The median time to first CNS involvement in our study was 6.05 months (range 0.0–71.2 months). Using the results of previous reports, this is somewhat shorter than that of the B-cell lymphomas (5–12 months [4]) and is similar to that of extranodal NK/T cell lymphoma, nasal type (6.03 months [20]).

Seven patients had CNS disease that relapsed without evidence of systemic residual disease. The longest disease-free interval between systemic remission and CNS relapse was 32.13 months, where the primary disease was PTCL-NOS in testis. Another patient with testis involvement of PTCL-NOS had CNS relapse after 9 months of complete remittance. Of 228 patients, three had testicular involvement and two had CNS disease. This suggests that the testis could also be a sanctuary area against systemic chemotherapy and therefore should be considered a high-risk site for CNS relapse in PTCLs, as in the case of B-cell lymphomas. A larger analysis is required to further analyze this as a factor.
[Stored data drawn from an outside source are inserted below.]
(* For each $t\in[0,1)$ the operator $C_t\colon H^\infty\to H^\infty$ is continuous. Moreover, $\|C_0\|_{H^\infty\to H^\infty}=1$ and $\|C_t\|_{H^\infty\to H^\infty}=-\frac{\log(1-t)}{t}$ for every $t\in(0,1)$.
   Context: $\mathbb{D}=\{z\in\mathbb{C}:|z|<1\}$; $H^\infty$ is the Banach space of bounded holomorphic functions on $\mathbb{D}$ with norm $\|f\|_\infty=\sup_{z\in\mathbb{D}}|f(z)|$. For $t\in[0,1]$ the generalized Cesàro operator $C_t$ is defined on holomorphic $f$ on $\mathbb{D}$ by $C_tf(0)=f(0)$ and $C_tf(z)=\frac{1}{z}\int_0^z\frac{f(\xi)}{1-t\xi}\,d\xi$ for $z\in\mathbb{D}\setminus\{0\}$. *)

theory Defs
  imports "HOL-Complex_Analysis.Complex_Analysis"
begin

abbreviation unit_disc :: "complex set" where
  "unit_disc \<equiv> ball 0 1"

text \<open>H-infinity: bounded holomorphic functions on the unit disc
  (values outside the disc are irrelevant).\<close>
definition Hinf :: "(complex \<Rightarrow> complex) set" where
  "Hinf = {f. f holomorphic_on unit_disc \<and> bounded (f ` unit_disc)}"

definition hnorm :: "(complex \<Rightarrow> complex) \<Rightarrow> real" where
  "hnorm f = (SUP z\<in>unit_disc. norm (f z))"

definition cesaro :: "real \<Rightarrow> (complex \<Rightarrow> complex) \<Rightarrow> (complex \<Rightarrow> complex)" where
  "cesaro t f z = (if z = 0 then f 0
     else (1 / z) * contour_integral (linepath 0 z) (\<lambda>\<xi>. f \<xi> / (1 - complex_of_real t * \<xi>)))"

definition cesaro_opnorm :: "real \<Rightarrow> real" where
  "cesaro_opnorm t = (SUP f\<in>{f\<in>Hinf. hnorm f \<le> 1}. hnorm (cesaro t f))"

end

theory Submission imports Defs begin

text \<open>Substituting \<open>\<xi> = s z\<close> gives \<open>C\<^sub>t f(z) = \<integral>\<^sub>0\<^sup>1 f(sz) / (1 - tsz) ds\<close>, and since
  \<open>|1 - tsz| \<ge> 1 - ts\<close> this yields \<open>\<parallel>C\<^sub>t f\<parallel>\<^sub>\<infinity> \<le> \<parallel>f\<parallel>\<^sub>\<infinity> \<integral>\<^sub>0\<^sup>1 ds / (1 - ts) = \<parallel>f\<parallel>\<^sub>\<infinity> (-log (1 - t) / t)\<close>;
  linearity turns this bound into continuity.  Holomorphy holds because \<open>z C\<^sub>t f(z)\<close> is a
  primitive of \<open>f(\<xi>) / (1 - t\<xi>)\<close> vanishing at 0.  The bound is attained in the limit by
  \<open>f = 1\<close>: \<open>C\<^sub>t 1(x) = -log (1 - tx) / (tx)\<close> for real \<open>x\<close>, which tends to the bound as \<open>x \<rightarrow> 1\<close>.\<close>

definition cesaro_const :: "real \<Rightarrow> real" where
  "cesaro_const t = (if t = 0 then 1 else - ln (1 - t) / t)"

lemma has_integral_cesaro_const:
  fixes a :: real
  assumes "a < 1"
  shows "((\<lambda>s. 1 / (1 - a * s)) has_integral cesaro_const a) {0..1}"
proof (cases "a = 0")
  case True
  then show ?thesis
    using has_integral_const_real[of "1::real" 0 1] by (simp add: cesaro_const_def)
next
  case False
  have "((\<lambda>s. 1 / (1 - a * s)) has_integral
         (\<lambda>s. - ln (1 - a * s) / a) 1 - (\<lambda>s. - ln (1 - a * s) / a) 0) {0..1}"
  proof (rule fundamental_theorem_of_calculus)
    fix x :: real
    assume x: "x \<in> {0..1}"
    have "0 < 1 - a * x"
      using assms x by (smt (verit) atLeastAtMost_iff mult_left_le mult_nonpos_nonneg)
    then have "((\<lambda>s. - ln (1 - a * s) / a) has_real_derivative - (- a / (1 - a * x)) / a)
                 (at x within {0..1})"
      by (auto intro!: derivative_eq_intros)
    then show "((\<lambda>s. - ln (1 - a * s) / a) has_vector_derivative 1 / (1 - a * x))
                 (at x within {0..1})"
      using False by (simp add: has_real_derivative_iff_has_vector_derivative[symmetric])
  qed simp
  then show ?thesis
    using False by (simp add: cesaro_const_def)
qed

lemma cesaro_const_pos:
  assumes "t < 1"
  shows "0 < cesaro_const t"
proof (cases "t = 0")
  case False
  have "ln (1 - t) < 0" if "0 < t"
    using assms that by simp
  moreover have "0 < ln (1 - t)" if "t < 0"
    using that by simp
  ultimately show ?thesis
    using False by (cases "0 < t") (auto simp: cesaro_const_def divide_pos_neg divide_neg_pos)
qed (simp add: cesaro_const_def)

lemma cesaro_integrand_holomorphic:
  assumes "f holomorphic_on unit_disc" "\<bar>t\<bar> \<le> 1"
  shows "(\<lambda>\<xi>. f \<xi> / (1 - complex_of_real t * \<xi>)) holomorphic_on unit_disc"
proof -
  have "norm (complex_of_real t * \<xi>) < 1" if "\<xi> \<in> unit_disc" for \<xi>
    using assms(2) that mult_right_le_one_le[of "norm \<xi>" "\<bar>t\<bar>"] by (simp add: norm_mult mult.commute)
  then have "1 - complex_of_real t * \<xi> \<noteq> 0" if "\<xi> \<in> unit_disc" for \<xi>
    using that by fastforce
  then show ?thesis
    using assms(1) by (auto intro!: holomorphic_intros)
qed

lemma contour_integral_linepath_has_field_derivative:
  assumes "f holomorphic_on S" "convex S" "open S" "a \<in> S" "x \<in> S"
  shows "((\<lambda>z. contour_integral (linepath a z) f) has_field_derivative f x) (at x)"
proof -
  have "((\<lambda>z. contour_integral (linepath a z) f) has_field_derivative f x) (at x within S)"
  proof (rule triangle_contour_integrals_convex_primitive)
    show "continuous_on S f"
      using assms(1) by (rule holomorphic_on_imp_continuous_on)
    fix b c
    assume "b \<in> S" "c \<in> S"
    then have "closed_segment a b \<union> closed_segment b c \<union> closed_segment c a \<subseteq> S"
      using assms(2,4) closed_segment_subset by blast
    then have "(f has_contour_integral 0) (linepath a b +++ linepath b c +++ linepath c a)"
      using assms(1,2) by (intro Cauchy_theorem_convex_simple) (simp_all add: path_image_join)
    then show "contour_integral (linepath a b) f + contour_integral (linepath b c) f +
               contour_integral (linepath c a) f = 0"
      by (rule has_chain_integral_chain_integral3)
  qed (fact assms)+
  then show ?thesis
    by (simp only: at_within_open[OF assms(5,3)])
qed

lemma cesaro_has_integral:
  assumes "f holomorphic_on unit_disc" "\<bar>t\<bar> \<le> 1" "z \<in> unit_disc"
  shows "((\<lambda>s. f (of_real s * z) / (1 - of_real t * (of_real s * z))) has_integral cesaro t f z) {0..1}"
proof (cases "z = 0")
  case True
  then show ?thesis
    using has_integral_const_real[of "f 0" 0 1] by (simp add: cesaro_def)
next
  case False
  let ?g = "\<lambda>\<xi>. f \<xi> / (1 - complex_of_real t * \<xi>)"
  have "path_image (linepath 0 z) \<subseteq> unit_disc"
    using assms(3) by (simp add: closed_segment_subset)
  then have "?g contour_integrable_on linepath 0 z"
    using cesaro_integrand_holomorphic[OF assms(1,2)]
    by (intro contour_integrable_holomorphic_simple[of _ unit_disc]) auto
  then have "(?g has_contour_integral contour_integral (linepath 0 z) ?g) (linepath 0 z)"
    by (rule has_contour_integral_integral)
  then have "((\<lambda>s. ?g (linepath 0 z s) * z) has_integral contour_integral (linepath 0 z) ?g) {0..1}"
    by (simp add: has_contour_integral_linepath)
  then have "((\<lambda>s. ?g (linepath 0 z s) * z / z) has_integral contour_integral (linepath 0 z) ?g / z) {0..1}"
    by (rule has_integral_divide)
  then show ?thesis
    using False by (simp add: cesaro_def linepath_def scaleR_conv_of_real)
qed

lemma norm_cesaro_le:
  assumes f: "f holomorphic_on unit_disc" "\<And>w. w \<in> unit_disc \<Longrightarrow> norm (f w) \<le> M"
    and t: "0 \<le> t" "t < 1" and z: "z \<in> unit_disc"
  shows "norm (cesaro t f z) \<le> M * cesaro_const t"
proof -
  let ?h = "\<lambda>s. f (of_real s * z) / (1 - of_real t * (of_real s * z))"
  have I: "(?h has_integral cesaro t f z) {0..1}"
    using t by (intro cesaro_has_integral[OF f(1) _ z]) simp
  have J: "((\<lambda>s. M * (1 / (1 - t * s))) has_integral M * cesaro_const t) {0..1}"
    using has_integral_cesaro_const[OF t(2)] by (rule has_integral_mult_right)
  have M: "0 \<le> M"
    using order_trans[OF norm_ge_zero f(2)[of 0]] by simp
  have "norm (?h s) \<le> M * (1 / (1 - t * s))" if s: "0 \<le> s" "s \<le> 1" for s
  proof -
    have "s * norm z \<le> s" "s * norm z \<le> norm z"
      using s z by (auto intro: mult_left_le mult_left_le_one_le)
    then have sz: "norm (of_real s * z) < 1" and tsz: "norm (of_real t * (of_real s * z)) \<le> t * s"
      using s t z by (simp_all add: norm_mult mult_left_mono)
    have ts: "0 < 1 - t * s"
      using s t mult_left_le[of s t] by simp
    have "1 - t * s \<le> norm (1 - of_real t * (of_real s * z))"
      using tsz norm_triangle_ineq2[of 1 "of_real t * (of_real s * z)"] by simp
    then have "norm (f (of_real s * z)) / norm (1 - of_real t * (of_real s * z)) \<le> M / (1 - t * s)"
      using M f(2) sz ts by (intro frac_le) simp_all
    then show ?thesis
      by (simp add: norm_divide)
  qed
  then have "norm (integral {0..1} ?h) \<le> integral {0..1} (\<lambda>s. M * (1 / (1 - t * s)))"
    using has_integral_integrable[OF I] has_integral_integrable[OF J]
    by (intro integral_norm_bound_integral) simp_all
  then show ?thesis
    using integral_unique[OF I] integral_unique[OF J] by simp
qed

lemma cesaro_holomorphic:
  assumes "f holomorphic_on unit_disc" "\<bar>t\<bar> \<le> 1"
  shows "cesaro t f holomorphic_on unit_disc"
proof -
  let ?g = "\<lambda>\<xi>. f \<xi> / (1 - complex_of_real t * \<xi>)"
  let ?F = "\<lambda>z. contour_integral (linepath 0 z) ?g"
  have F': "(?F has_field_derivative ?g z) (at z)" if "z \<in> unit_disc" for z
    using cesaro_integrand_holomorphic[OF assms] that
    by (intro contour_integral_linepath_has_field_derivative) auto
  have F'0: "deriv ?F 0 = f 0"
    using DERIV_imp_deriv[OF F'[of 0]] by simp
  have "?F holomorphic_on unit_disc"
    unfolding holomorphic_on_open[OF open_ball] using F' by blast
  then have "(\<lambda>z. if z = 0 then deriv ?F 0 else (?F z - ?F 0) / (z - 0)) holomorphic_on unit_disc"
    by (rule pole_lemma_open[OF _ open_ball])
  then show ?thesis
    by (rule holomorphic_transform) (simp add: cesaro_def F'0)
qed

lemma cesaro_diff:
  assumes "f holomorphic_on unit_disc" "g holomorphic_on unit_disc" "\<bar>t\<bar> \<le> 1" "z \<in> unit_disc"
  shows "cesaro t (\<lambda>z. g z - f z) z = cesaro t g z - cesaro t f z"
proof -
  have "(\<lambda>z. g z - f z) holomorphic_on unit_disc"
    using assms(1,2) by (intro holomorphic_intros)
  from cesaro_has_integral[OF this assms(3,4)]
  have "((\<lambda>s. g (of_real s * z) / (1 - of_real t * (of_real s * z)) -
              f (of_real s * z) / (1 - of_real t * (of_real s * z)))
         has_integral cesaro t (\<lambda>z. g z - f z) z) {0..1}"
    by (simp add: diff_divide_distrib)
  moreover have "((\<lambda>s. g (of_real s * z) / (1 - of_real t * (of_real s * z)) -
                      f (of_real s * z) / (1 - of_real t * (of_real s * z)))
                 has_integral cesaro t g z - cesaro t f z) {0..1}"
    using assms by (intro has_integral_diff cesaro_has_integral)
  ultimately show ?thesis
    by (rule has_integral_unique)
qed

lemma norm_le_hnorm:
  assumes "f \<in> Hinf" "z \<in> unit_disc"
  shows "norm (f z) \<le> hnorm f"
proof -
  have "bounded (f ` unit_disc)"
    using assms(1) by (simp add: Hinf_def)
  then have "bdd_above ((\<lambda>z. norm (f z)) ` unit_disc)"
    by (auto simp: bounded_iff bdd_above_def)
  then show ?thesis
    unfolding hnorm_def using assms(2) by (rule cSUP_upper2) simp
qed

lemma hnorm_le:
  assumes "\<And>z. z \<in> unit_disc \<Longrightarrow> norm (f z) \<le> B"
  shows "hnorm f \<le> B"
  unfolding hnorm_def using assms by (intro cSUP_least) auto

lemma Hinf_const: "(\<lambda>_. c) \<in> Hinf"
  by (simp add: Hinf_def image_constant_conv)

lemma hnorm_const: "hnorm (\<lambda>_. c) = norm c"
  by (simp add: hnorm_def)

lemma Hinf_diff:
  assumes "f \<in> Hinf" "g \<in> Hinf"
  shows "(\<lambda>z. g z - f z) \<in> Hinf"
  using assms by (auto simp: Hinf_def intro!: holomorphic_intros bounded_minus_comp)

lemma
  assumes "f \<in> Hinf" "0 \<le> t" "t < 1"
  shows cesaro_Hinf: "cesaro t f \<in> Hinf"
    and hnorm_cesaro_le: "hnorm (cesaro t f) \<le> hnorm f * cesaro_const t"
proof -
  have hol: "f holomorphic_on unit_disc"
    using assms(1) by (simp add: Hinf_def)
  have bound: "norm (cesaro t f z) \<le> hnorm f * cesaro_const t" if "z \<in> unit_disc" for z
    using assms(2,3) that by (intro norm_cesaro_le[OF hol] norm_le_hnorm[OF assms(1)])
  then have "bounded (cesaro t f ` unit_disc)"
    unfolding bounded_iff by blast
  then show "cesaro t f \<in> Hinf"
    using assms(2,3) by (simp add: Hinf_def cesaro_holomorphic hol)
  show "hnorm (cesaro t f) \<le> hnorm f * cesaro_const t"
    using bound by (rule hnorm_le)
qed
The median survival duration of patients with CNS disease was significantly shorter than that of patients without CNS disease. Among 13 patients with CNS disease whose clinical courses were followed up, 11 patients died of systemic progression and only two died of CNS progression. CNS relapse might be a manifestation of systemic progression, or untreated malignant lymphocytes could remain in the brain parenchymal tissue or CSF.

Fourteen out of 132 (10.6 %) patients with either risk factor (elevated LDH level, paranasal sinus involvement) and 5 out of 21 (23.8%) patients with both risk factors had CNS involvement. This implies that screening and follow-up examinations for CNS involvement should be considered in patients with any risk factor, although there is no consensus on efficacy, what therapeutic agents or methods should be used for the treatment [4]. Further large-scaled analysis is necessary on this issue.

In summary, elevated serum LDH level and involvement of the paranasal sinus are risk factors for CNS involvement in patients with PTCLs. CNS prophylaxis might be considered for patients with any risk factors although it is not clear what the treatment option should be.

funding

This study was supported by research grants from the Samsung Biomedical Research Institute (CA-A9-208) and the Korea Health 21 R&D Project (A090224).

disclosure

The authors declare no conflict of interest.